Zeborg's Contribution

On the other hand, Zeborg offers the combination of software and consulting expertise in tracking indirect materials spending primarily in the financial sector, and especially for complex indirect goods and services, including temporary labor, advertising, and print. It has been providing sourcing consulting engagements for particular spending categories by using its specialized RFX Sourcing Suite to help its clients negotiate a better deal with their suppliers. It has a few dozen pre-built RFX templates, and its real skill lies in helping companies sift out their above-mentioned indirect procurement spending, and then attain savings in those specific categories. Filling Emptoris' spend management capability gap, Zeborg focuses on the front of the sourcing process by providing turnkey data cleansing, cross-referencing and category classification services, and an advanced analytics engine for detailed spend data management and analysis. Its premier module, ExpenseMap, aims at giving a granular view of spending as a means to uncover better supply opportunities, and the solution has also been used to drive compliance efforts.
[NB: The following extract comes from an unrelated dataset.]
(* In the Schwarzschild spacetime of mass $m>0$ written in ingoing Eddington--Finkelstein coordinates $(v,r,\omega)\in\mathbb R\times(0,\infty)\times S^2$, $\mathfrak g=-(1-\frac{2m}r)dv^2+2dv\,dr+r^2d\omega^2$, there exists a smooth one-parameter family of spacelike hypersurfaces $\{\Sigma_T\}_{T\in\mathbb R}$ such that: (i) the $\Sigma_T$ form a smooth foliation of the region $r>0$; equivalently $(T,r,\omega)$ is a smooth horizon-penetrating coordinate system with $\Sigma_T=\{T=\mathrm{const}\}$; (ii) each $\Sigma_T$ meets the future horizon $\mathcal H^+=\{r=2m\}$ in a round sphere $S_T=\Sigma_T\cap\mathcal H^+$, the family $\{S_T\}_{T\in\mathbb R}$ foliates $\mathcal H^+$, and each $S_T$ is a MOTS; (iii) there is a smooth function $r_{\mathrm{cut}}(T)=2m+2\delta_0e^{-T/(4m)}$, for some fixed constant $\delta_0>0$, so that $r_{\mathrm{cut}}(T)\downarrow2m$ as $T\to+\infty$ and $\Sigma_T\cap\{r\ge r_{\mathrm{cut}}(T)\}=\{t_{\mathrm{Sch}}=T\}\cap\{r\ge r_{\mathrm{cut}}(T)\}$; in particular $\Sigma_T$ is tangentially maximal on $r\ge r_{\mathrm{cut}}(T)$.
   Context: On $r>2m$, the Schwarzschild time is $t_{\mathrm{Sch}}=v-r_*(r)$ with $r_*(r)=r+2m\log(\frac r{2m}-1)$. A MOTS is a closed spacelike surface whose future outgoing null expansion vanishes. A spacelike hypersurface foliated by closed spacelike surfaces (here the spheres $r=\mathrm{const}$) is tangentially maximal (on a region) if the trace over each leaf of its second fundamental form vanishes, equivalently the spacetime mean curvature vector of each leaf is tangent to the hypersurface. *)

theory Defs
  imports "HOL-Analysis.Analysis"
begin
Prior to being acquired, Zeborg attempted a foray into sourcing execution to help companies reap the savings that they have identified during spending analysis. To that end, the RFX Sourcing suite also provides certain capabilities for discovering the best prices through an automated bid and analysis process, which leads to long-term contracts. However, given it's a matter for an expert's prowess rather than an enterprise application developer, Zeborg's future in developing a single-trick software was dubious, and it was expected the vendor would seek to embed its expertise (captured into a stack of "Excel spreadsheets on Microsoft Visual Basic steroids"), into an enterprise-level sourcing suite that would appeal to the top executives. This is where Emptoris comes into picture, and Emptoris's expert knowledge will likely be further productized into the ExpenseMap templates, process flows, and pre-configured analysis and award scenarios to expand within the Emptoris sourcing portfolio.
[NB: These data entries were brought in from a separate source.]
section \<open>Packing numbers of pseudometric spaces\<close>

definition is_packing :: "('b \<Rightarrow> 'b \<Rightarrow> real) \<Rightarrow> 'b set \<Rightarrow> real \<Rightarrow> 'b set \<Rightarrow> bool" where
  "is_packing d X \<epsilon> C \<longleftrightarrow> finite C \<and> C \<subseteq> X \<and>
     (\<forall>c\<in>C. \<forall>c'\<in>C. c \<noteq> c' \<longrightarrow> {y\<in>X. d c y < \<epsilon>} \<inter> {y\<in>X. d c' y < \<epsilon>} = {})"

lemma packing_num_eq_Sup: "packing_num d X \<epsilon> = Sup {enat (card C) | C. is_packing d X \<epsilon> C}"
  unfolding packing_num_def is_packing_def by simp

lemma card_le_packing_num: "is_packing d X \<epsilon> C \<Longrightarrow> enat (card C) \<le> packing_num d X \<epsilon>"
  unfolding packing_num_eq_Sup by (rule Sup_upper) blast

definition pseudometric_on :: "('b \<Rightarrow> 'b \<Rightarrow> real) \<Rightarrow> 'b set \<Rightarrow> bool" where
  "pseudometric_on d Y \<longleftrightarrow> (\<forall>x\<in>Y. d x x = 0) \<and> (\<forall>x\<in>Y. \<forall>y\<in>Y. d x y = d y x) \<and>
     (\<forall>x\<in>Y. \<forall>y\<in>Y. \<forall>z\<in>Y. d x z \<le> d x y + d y z)"

lemma pseudometric_on_subset: "pseudometric_on d Y \<Longrightarrow> X \<subseteq> Y \<Longrightarrow> pseudometric_on d X"
  unfolding pseudometric_on_def by blast

lemma pseudometric_on_nonneg:
  assumes "pseudometric_on d Y" "x \<in> Y" "y \<in> Y"
  shows "0 \<le> d x y"
proof -
  have "d x x \<le> d x y + d y x" "d x x = 0" "d y x = d x y"
    using assms unfolding pseudometric_on_def by blast+
  then show ?thesis by simp
qed

lemma exists_maximal_packing_within:
  assumes "finite T" "T \<subseteq> Y"
  obtains D where "is_packing d Y \<delta> D" "D \<subseteq> T"
    "\<And>D'. is_packing d Y \<delta> D' \<Longrightarrow> D' \<subseteq> T \<Longrightarrow> card D' \<le> card D"
proof -
  have "is_packing d Y \<delta> {}" by (simp add: is_packing_def)
  moreover have "card D' < Suc (card T)" if "D' \<subseteq> T" for D'
    using card_mono[OF assms(1) that] by simp
  ultimately obtain D where "is_packing d Y \<delta> D \<and> D \<subseteq> T"
      "\<forall>D'. is_packing d Y \<delta> D' \<and> D' \<subseteq> T \<longrightarrow> card D' \<le> card D"
    using ex_has_greatest_nat[of "\<lambda>D. is_packing d Y \<delta> D \<and> D \<subseteq> T" "{}" card "Suc (card T)"]
    by blast
  then show thesis using that by blast
qed

lemma maximal_packing_within_is_net:
  assumes pm: "pseudometric_on d Y" and "\<delta> > 0"
    and D: "is_packing d Y \<delta> D" "D \<subseteq> T" "T \<subseteq> Y"
    and max: "\<And>D'. is_packing d Y \<delta> D' \<Longrightarrow> D' \<subseteq> T \<Longrightarrow> card D' \<le> card D"
    and x: "x \<in> T"
  shows "\<exists>e\<in>D. d x e < 2 * \<delta>"
proof (cases "x \<in> D")
  case True
  then show ?thesis
    using pm x D \<open>\<delta> > 0\<close> unfolding pseudometric_on_def by (metis mult_pos_pos subsetD zero_less_numeral)
next
  case False
  have "finite D" using D(1) by (simp add: is_packing_def)
  then have "\<not> is_packing d Y \<delta> (insert x D)"
    using max[of "insert x D"] False x D(2) by fastforce
  moreover have "finite (insert x D)" "insert x D \<subseteq> Y"
    using \<open>finite D\<close> D x by auto
  ultimately obtain c c' y where cc: "c \<in> insert x D" "c' \<in> insert x D" "c \<noteq> c'"
      "y \<in> Y" "d c y < \<delta>" "d c' y < \<delta>"
    unfolding is_packing_def by blast
  have "\<not> (c \<in> D \<and> c' \<in> D)"
    using D(1) cc unfolding is_packing_def by blast
  with cc obtain e where e: "e \<in> D" "d x y < \<delta>" "d e y < \<delta>"
    by blast
  have "d x e \<le> d x y + d e y"
    using pm e(1) cc(4) x D unfolding pseudometric_on_def by (metis subsetD)
  with e show ?thesis by force
qed

lemma card_le_prod_card_of_nets:
  fixes d :: "'b \<Rightarrow> 'b \<Rightarrow> real" and d' :: "'c \<Rightarrow> 'c \<Rightarrow> real" and pr :: "'i \<Rightarrow> 'b \<Rightarrow> 'c"
  assumes "finite I"
    and pm: "\<And>i. i \<in> I \<Longrightarrow> pseudometric_on d' (Xs i)"
    and close: "\<And>x y. x \<in> X \<Longrightarrow> y \<in> X \<Longrightarrow> (\<And>i. i \<in> I \<Longrightarrow> d' (pr i x) (pr i y) < 4 * \<delta>) \<Longrightarrow> d x y < \<epsilon>"
    and C: "is_packing d X \<epsilon> C"
    and pr: "\<And>c i. c \<in> C \<Longrightarrow> i \<in> I \<Longrightarrow> pr i c \<in> Xs i"
    and D: "\<And>i. i \<in> I \<Longrightarrow> finite (D i) \<and> D i \<subseteq> Xs i"
    and net: "\<And>c i. c \<in> C \<Longrightarrow> i \<in> I \<Longrightarrow> \<exists>e\<in>D i. d' (pr i c) e < 2 * \<delta>"
  shows "card C \<le> (\<Prod>i\<in>I. card (D i))"
proof -
  define F where "F c = (\<lambda>i\<in>I. SOME e. e \<in> D i \<and> d' (pr i c) e < 2 * \<delta>)" for c
  have F: "F c i \<in> D i \<and> d' (pr i c) (F c i) < 2 * \<delta>" if "c \<in> C" "i \<in> I" for c i
  proof -
    have "\<exists>e. e \<in> D i \<and> d' (pr i c) e < 2 * \<delta>" using net[OF that] by blast
    then have "(SOME e. e \<in> D i \<and> d' (pr i c) e < 2 * \<delta>) \<in> D i \<and>
        d' (pr i c) (SOME e. e \<in> D i \<and> d' (pr i c) e < 2 * \<delta>) < 2 * \<delta>"
      by (rule someI_ex)
    then show ?thesis unfolding F_def using \<open>i \<in> I\<close> by simp
  qed
  have "inj_on F C"
  proof (rule inj_onI, rule ccontr)
    fix c c' assume c: "c \<in> C" "c' \<in> C" "F c = F c'" "c \<noteq> c'"
    have X: "c \<in> X" "c' \<in> X" using C c(1,2) unfolding is_packing_def by blast+
    have "d' (pr i c) (pr i c') < 4 * \<delta>" if i: "i \<in> I" for i
    proof -
      have "F c i \<in> Xs i" using F[OF c(1) i] D[OF i] by blast
      then have "d' (pr i c) (pr i c') \<le> d' (pr i c) (F c i) + d' (pr i c') (F c i)"
        using pm[OF i] pr[OF c(1) i] pr[OF c(2) i] unfolding pseudometric_on_def by metis
      then show ?thesis using F[OF c(1) i] F[OF c(2) i] c(3) by simp
    qed
    then have "d c c' < \<epsilon>" using close[OF X] by blast
    moreover have "d c' c' < \<epsilon>"
    proof (rule close[OF X(2) X(2)])
      fix i assume i: "i \<in> I"
      have "d' (pr i c') (pr i c') = 0"
        using pm[OF i] pr[OF c(2) i] unfolding pseudometric_on_def by blast
      moreover have "0 \<le> d' (pr i c') (F c' i)"
        using pseudometric_on_nonneg[OF pm[OF i]] pr[OF c(2) i] F[OF c(2) i] D[OF i] by blast
      ultimately show "d' (pr i c') (pr i c') < 4 * \<delta>" using F[OF c(2) i] by simp
    qed
    ultimately have "c' \<in> {y\<in>X. d c y < \<epsilon>} \<inter> {y\<in>X. d c' y < \<epsilon>}"
      using X by blast
    then show False
      using C c unfolding is_packing_def by blast
  qed
  moreover have "F ` C \<subseteq> (\<Pi>\<^sub>E i\<in>I. D i)"
    using F by (auto simp: F_def)
  moreover have "finite (\<Pi>\<^sub>E i\<in>I. D i)"
    using D \<open>finite I\<close> by (simp add: finite_PiE)
  ultimately have "card C \<le> card (\<Pi>\<^sub>E i\<in>I. D i)"
    by (rule card_inj_on_le)
  then show ?thesis
    using \<open>finite I\<close> by (simp add: card_PiE)
qed

lemma prod_mono_enat:
  fixes f g :: "'i \<Rightarrow> enat"
  shows "(\<And>i. i \<in> I \<Longrightarrow> f i \<le> g i) \<Longrightarrow> prod f I \<le> prod g I"
  by (induction I rule: infinite_finite_induct) (auto intro: mult_mono)

lemma eln_enat_mono: "a \<le> b \<Longrightarrow> eln_enat a \<le> eln_enat b"
  by (cases a b rule: enat2_cases) (auto simp: eln_enat_def zero_enat_def)

lemma eln_enat_mult_le: "eln_enat (a * b) \<le> eln_enat a + eln_enat b"
  by (cases a b rule: enat2_cases) (auto simp: eln_enat_def zero_enat_def ln_mult)

lemma eln_enat_prod_le:
  fixes q :: "'i \<Rightarrow> enat"
  assumes "finite I"
  shows "eln_enat (\<Prod>i\<in>I. q i) \<le> (\<Sum>i\<in>I. eln_enat (q i))"
  using assms
proof (induction I rule: finite_induct)
  case empty
  then show ?case by (simp add: eln_enat_def one_enat_def)
next
  case (insert j I)
  then have "eln_enat (\<Prod>i\<in>insert j I. q i) \<le> eln_enat (q j) + eln_enat (\<Prod>i\<in>I. q i)"
    by (simp add: eln_enat_mult_le)
  also have "\<dots> \<le> eln_enat (q j) + (\<Sum>i\<in>I. eln_enat (q i))"
    by (intro add_left_mono insert.IH)
  finally show ?case
    using insert.hyps by simp
qed

text \<open>The maximal packings serving as nets are taken inside the finite sets pr i ` C, so no
  finiteness of the packing numbers of the Xs i is needed.\<close>
lemma packing_num_le_prod:
  fixes d :: "'b \<Rightarrow> 'b \<Rightarrow> real" and d' :: "'c \<Rightarrow> 'c \<Rightarrow> real" and pr :: "'i \<Rightarrow> 'b \<Rightarrow> 'c"
  assumes "finite I" "\<delta> > 0"
    and pm: "\<And>i. i \<in> I \<Longrightarrow> pseudometric_on d' (Xs i)"
    and pr: "\<And>x i. x \<in> X \<Longrightarrow> i \<in> I \<Longrightarrow> pr i x \<in> Xs i"
    and close: "\<And>x y. x \<in> X \<Longrightarrow> y \<in> X \<Longrightarrow> (\<And>i. i \<in> I \<Longrightarrow> d' (pr i x) (pr i y) < 4 * \<delta>) \<Longrightarrow> d x y < \<epsilon>"
  shows "packing_num d X \<epsilon> \<le> (\<Prod>i\<in>I. packing_num d' (Xs i) \<delta>)"
  unfolding packing_num_eq_Sup[of d]
proof (rule Sup_least, clarify)
  fix C assume C: "is_packing d X \<epsilon> C"
  then have prC: "finite (pr i ` C)" "pr i ` C \<subseteq> Xs i" if "i \<in> I" for i
    using pr that unfolding is_packing_def by auto
  have "\<forall>i\<in>I. \<exists>D. is_packing d' (Xs i) \<delta> D \<and> D \<subseteq> pr i ` C \<and>
      (\<forall>D'. is_packing d' (Xs i) \<delta> D' \<and> D' \<subseteq> pr i ` C \<longrightarrow> card D' \<le> card D)"
    by (metis exists_maximal_packing_within prC)
  then obtain D where D: "\<And>i. i \<in> I \<Longrightarrow> is_packing d' (Xs i) \<delta> (D i) \<and> D i \<subseteq> pr i ` C \<and>
      (\<forall>D'. is_packing d' (Xs i) \<delta> D' \<and> D' \<subseteq> pr i ` C \<longrightarrow> card D' \<le> card (D i))"
    by metis
  have "card C \<le> (\<Prod>i\<in>I. card (D i))"
  proof (rule card_le_prod_card_of_nets[OF \<open>finite I\<close> pm close C])
    show "pr i c \<in> Xs i" if "c \<in> C" "i \<in> I" for c i
      using C pr that unfolding is_packing_def by blast
    show "finite (D i) \<and> D i \<subseteq> Xs i" if "i \<in> I" for i
      using D[OF that] unfolding is_packing_def by blast
    show "\<exists>e\<in>D i. d' (pr i c) e < 2 * \<delta>" if "c \<in> C" "i \<in> I" for c i
      using D[OF \<open>i \<in> I\<close>] prC[OF \<open>i \<in> I\<close>] \<open>c \<in> C\<close>
      by (intro maximal_packing_within_is_net[OF pm[OF \<open>i \<in> I\<close>] \<open>\<delta> > 0\<close>, of "D i" "pr i ` C"]) auto
  qed auto
  then have "enat (card C) \<le> (\<Prod>i\<in>I. enat (card (D i)))"
    by (simp flip: of_nat_eq_enat of_nat_prod)
  also have "\<dots> \<le> (\<Prod>i\<in>I. packing_num d' (Xs i) \<delta>)"
    using D by (intro prod_mono_enat card_le_packing_num) blast
  finally show "enat (card C) \<le> (\<Prod>i\<in>I. packing_num d' (Xs i) \<delta>)" .
qed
Despite the apparent disconnect between two vendors' expertise (i.e., direct materials and manufacturing customers of Emptoris versus indirect materials and service industries of Zeborg), the fact is that manufacturers too have a need for indirect materials procurement, as shown with a couple of Zeborg manufacturing customers like Owens Corning. Thus, Emptoris customers should leverage Zeborg's strong spending analysis technology platform and services capability, and the potential for closed-loop performance analysis that is critical to any supply chain management initiative, whether it is predictive spending in the supply chain or pre-spending analysis to guide all types of requisitions to the right contracts or commodity managers.

This concludes Part Two of a three-part note.

Part One detailed the event.

Part Three will present challenges and make user recommendations.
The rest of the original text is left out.